In 2020 Santacruz released his 7th studio album "Larimar" named after Dominican Republic's precious blue stone. "Larimar" won the Latin Grammy for Best Merengue/Bachata album category.

==Songwriter==
Daniel Santacruz is considered a hit maker, since 2004 Santacruz has written top charting songs for artists such as Prince Royce (Incondicional, Soy El Mismo, Culpa Al Corazón, La Carretera), Shakira (Deja Vu feat Prince Royce), Ha*Ash (Me Gustas Tu), Hector Acosta (Tu veneno, Aprenderé, No moriré, Ojala), Toby Love (Lejos), Reik (Me duele amarte), Monchy y Alexandra (Perdidos, No es una novela), Leslie Grace, Victor Manuel, Charlie Cruz, José Feliciano, Milly Quezada, Andy Andy among others.

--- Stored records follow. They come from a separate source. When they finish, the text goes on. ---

lemma liftable_at_interior:
  fixes X :: "'a::euclidean_space set"
  assumes "x \<in> interior X"
  shows "liftable_at X x"
proof -
  obtain d where "d > 0" and d: "ball x d \<subseteq> X"
    using assms mem_interior by blast
  have segment: "closed_segment p q \<subseteq> X" if "dist x p < d" "dist x q < d" for p q
    using closed_segment_subset[of p "ball x d" q] d that by auto
  have lift: "dist x (p + s *\<^sub>R e_last) < d" if "dist x p + s < d" "0 \<le> s" for p s
  proof -
    have "dist x (p + s *\<^sub>R e_last) \<le> dist x p + dist p (p + s *\<^sub>R e_last)"
      by (rule dist_triangle)
    also have "dist p (p + s *\<^sub>R e_last) = s"
      using that(2) by (simp add: dist_norm norm_e_last)
    finally show ?thesis using that(1) by simp
  qed
  have "\<exists>\<rho>>0. \<forall>y\<in>X \<inter> ball x (d/2). closed_segment y (y + s *\<^sub>R e_last) \<subseteq> X \<and>
      (\<forall>y'\<in>ball y \<rho>. closed_segment (y + s *\<^sub>R e_last) (y' + s *\<^sub>R e_last) \<subseteq> X)"
    if "0 < s" "s < d/2" for s
  proof (intro exI[of _ "d/2 - s"] conjI ballI)
    show "d/2 - s > 0" using that by simp
    fix y assume "y \<in> X \<inter> ball x (d/2)"
    then have y: "dist x y < d/2" by simp
    with that show "closed_segment y (y + s *\<^sub>R e_last) \<subseteq> X"
      by (intro segment lift) auto
    fix y' assume "y' \<in> ball y (d/2 - s)"
    then have "dist x y' < d - s"
      using dist_triangle[of x y' y] y by (simp add: dist_commute)
    with y that show "closed_segment (y + s *\<^sub>R e_last) (y' + s *\<^sub>R e_last) \<subseteq> X"
      by (intro segment lift) auto
  qed
  then show ?thesis
    unfolding liftable_at_def using \<open>d > 0\<close> norm_e_last
    by (intro exI[of _ "d/2"] exI[of _ e_last] conjI) auto
qed

lemma closed_segment_lift_subset:
  fixes A :: "'a::euclidean_space \<Rightarrow> 'a"
  assumes "linear A" and image: "(\<lambda>z. y + A z) ` holder_cusp \<alpha> r h \<subseteq> X"
    and "y \<in> X" "0 < s" "s < h" "r > 0"
  shows "closed_segment y (y + s *\<^sub>R A e_last) \<subseteq> X"
proof -
  have in_X: "y + A z \<in> X" if z: "z \<in> closed_segment 0 (s *\<^sub>R e_last)" for z
  proof -
    obtain u where u: "0 \<le> u" "u \<le> 1" "z = (1 - u) *\<^sub>R 0 + u *\<^sub>R (s *\<^sub>R e_last)"
      using z unfolding in_segment(1) by blast
    show ?thesis
    proof (cases "u = 0")
      case True
      then show ?thesis using u \<open>y \<in> X\<close> \<open>linear A\<close> by (simp add: linear_0)
    next
      case False
      have "u * s \<le> s"
        using u \<open>0 < s\<close> by (simp add: mult_left_le_one_le)
      then have "u * s < h"
        using \<open>s < h\<close> by linarith
      moreover have "0 < u * s"
        using False u \<open>0 < s\<close> by simp
      ultimately have "z \<in> holder_cusp \<alpha> r h"
        unfolding u(3) using \<open>r > 0\<close> by (simp add: scaleR_e_last_in_holder_cusp)
      with image show ?thesis by blast
    qed
  qed
  have "closed_segment y (y + s *\<^sub>R A e_last) = (\<lambda>z. y + A z) ` closed_segment 0 (s *\<^sub>R e_last)"
    using closed_segment_affine_image[OF \<open>linear A\<close>, of y 0 "s *\<^sub>R e_last"] \<open>linear A\<close>
    by (simp add: linear_0 linear_cmul)
  then show ?thesis
    using in_X by (simp add: image_subset_iff)
qed

lemma closed_segment_shift_subset:
  fixes A :: "'a::euclidean_space \<Rightarrow> 'a"
  assumes A: "orthogonal_transformation A" and image: "(\<lambda>z. y + A z) ` holder_cusp \<alpha> r h \<subseteq> X"
    and ball: "ball (s *\<^sub>R e_last) \<rho> \<subseteq> (holder_cusp \<alpha> r h :: 'a set)" and "dist y y' < \<rho>"
  shows "closed_segment (y + s *\<^sub>R A e_last) (y' + s *\<^sub>R A e_last) \<subseteq> X"
proof -
  have "linear A" using A by (rule orthogonal_transformation_linear)
  have "y' - y \<in> A ` ball 0 \<rho>"
    using \<open>dist y y' < \<rho>\<close> image_orthogonal_transformation_ball[OF A, of 0 \<rho>] \<open>linear A\<close>
    by (simp add: linear_0 dist_norm norm_minus_commute)
  then obtain d where d: "A d = y' - y" "norm d < \<rho>"
    by auto
  then have "\<rho> > 0"
    using norm_ge_zero[of d] by linarith
  with d have seg_ball: "closed_segment (s *\<^sub>R e_last) (s *\<^sub>R e_last + d) \<subseteq> ball (s *\<^sub>R e_last) \<rho>"
    by (intro closed_segment_subset) (auto simp: dist_norm)
  have "(\<lambda>z. y + A z) ` closed_segment (s *\<^sub>R e_last) (s *\<^sub>R e_last + d) \<subseteq> X"
    by (rule subset_trans[OF image_mono[OF subset_trans[OF seg_ball ball]] image])
  moreover have "closed_segment (y + s *\<^sub>R A e_last) (y' + s *\<^sub>R A e_last) =
      (\<lambda>z. y + A z) ` closed_segment (s *\<^sub>R e_last) (s *\<^sub>R e_last + d)"
    using closed_segment_affine_image[OF \<open>linear A\<close>, of y "s *\<^sub>R e_last" "s *\<^sub>R e_last + d"]
      d(1) \<open>linear A\<close> by (simp add: linear_add linear_cmul add_ac)
  ultimately show ?thesis
    by simp
qed

lemma liftable_at_cusp:
  fixes X :: "'a::euclidean_space set" and A :: "'a \<Rightarrow> 'a"
  assumes "0 < \<alpha>" "r > 0" "h > 0" "\<epsilon> > 0" and A: "orthogonal_transformation A"
    and cusp: "\<And>y. y \<in> X \<Longrightarrow> dist x y < \<epsilon> \<Longrightarrow> (\<lambda>z. y + A z) ` holder_cusp \<alpha> r h \<subseteq> X"
  shows "liftable_at X x"
proof -
  have "\<exists>\<rho>>0. \<forall>y\<in>X \<inter> ball x \<epsilon>. closed_segment y (y + s *\<^sub>R A e_last) \<subseteq> X \<and>
      (\<forall>y'\<in>ball y \<rho>. closed_segment (y + s *\<^sub>R A e_last) (y' + s *\<^sub>R A e_last) \<subseteq> X)"
    if "0 < s" "s < h" for s
  proof -
    have "s *\<^sub>R e_last \<in> (holder_cusp \<alpha> r h :: 'a set)"
      using that \<open>r > 0\<close> by (rule scaleR_e_last_in_holder_cusp)
    then obtain \<rho> where "\<rho> > 0" and \<rho>: "ball (s *\<^sub>R e_last) \<rho> \<subseteq> (holder_cusp \<alpha> r h :: 'a set)"
      using open_holder_cusp[OF \<open>0 < \<alpha>\<close> \<open>r > 0\<close>] open_contains_ball by blast
    have "linear A" using A by (rule orthogonal_transformation_linear)
    show ?thesis
    proof (intro exI[of _ \<rho>] conjI ballI \<open>\<rho> > 0\<close>)
      fix y assume "y \<in> X \<inter> ball x \<epsilon>"
      then have y: "y \<in> X" and image: "(\<lambda>z. y + A z) ` holder_cusp \<alpha> r h \<subseteq> X"
        using cusp by auto
      show "closed_segment y (y + s *\<^sub>R A e_last) \<subseteq> X"
        by (rule closed_segment_lift_subset[OF \<open>linear A\<close> image y that \<open>r > 0\<close>])
      fix y' assume "y' \<in> ball y \<rho>"
      then show "closed_segment (y + s *\<^sub>R A e_last) (y' + s *\<^sub>R A e_last) \<subseteq> X"
        by (intro closed_segment_shift_subset[OF A image \<rho>]) simp
    qed
  qed
  moreover have "norm (A e_last) = 1"
    using orthogonal_transformation_norm[OF A] norm_e_last by metis
  ultimately show ?thesis
    unfolding liftable_at_def using \<open>h > 0\<close> \<open>\<epsilon> > 0\<close>
    by (intro exI[of _ \<epsilon>] exI[of _ h] exI[of _ "A e_last"] conjI) auto
qed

Since 2004, Daniel has received 12 ASCAP awards (American Society of Composers, Authors and Publishers), 3 Billboards, 2 Latin American Music Awards, and 3 Premio Lo Nuestro for the songs "Perdidos" and "No Es Una Novela" (performed by the famous Dominican duet Monchy y Alexandra), and "Soy El Mismo" performed Prince Royce besides 6 Latin Grammy nominations for 3 of his own albums and some of his songs. In 2018 Santacruz received the Dominican Republic Soberano Award for Songwriter of the Year for second time in a row.

==Discography==
- Por un Beso 2003
- Radio Rompecorazones 2008
- Bachata Stereo 2011
- Lo Dice la Gente 2014
- Toda la Vida 2016
- Momentos De Cine 2018
- Larimar 2020 (Latin Grammy Winner)

==Personal life==
Daniel Santacruz is married to Ana Mariela Gonzalez and have three children including Penélope Santacruz who is also a singer and collaborated with Daniel in the song "Mi Estrellita De Algodón from the album "Larimar", and his son Luis Daniel who is a producer and artist as well. Daniel Santacruz is the brother of singer Manny Cruz.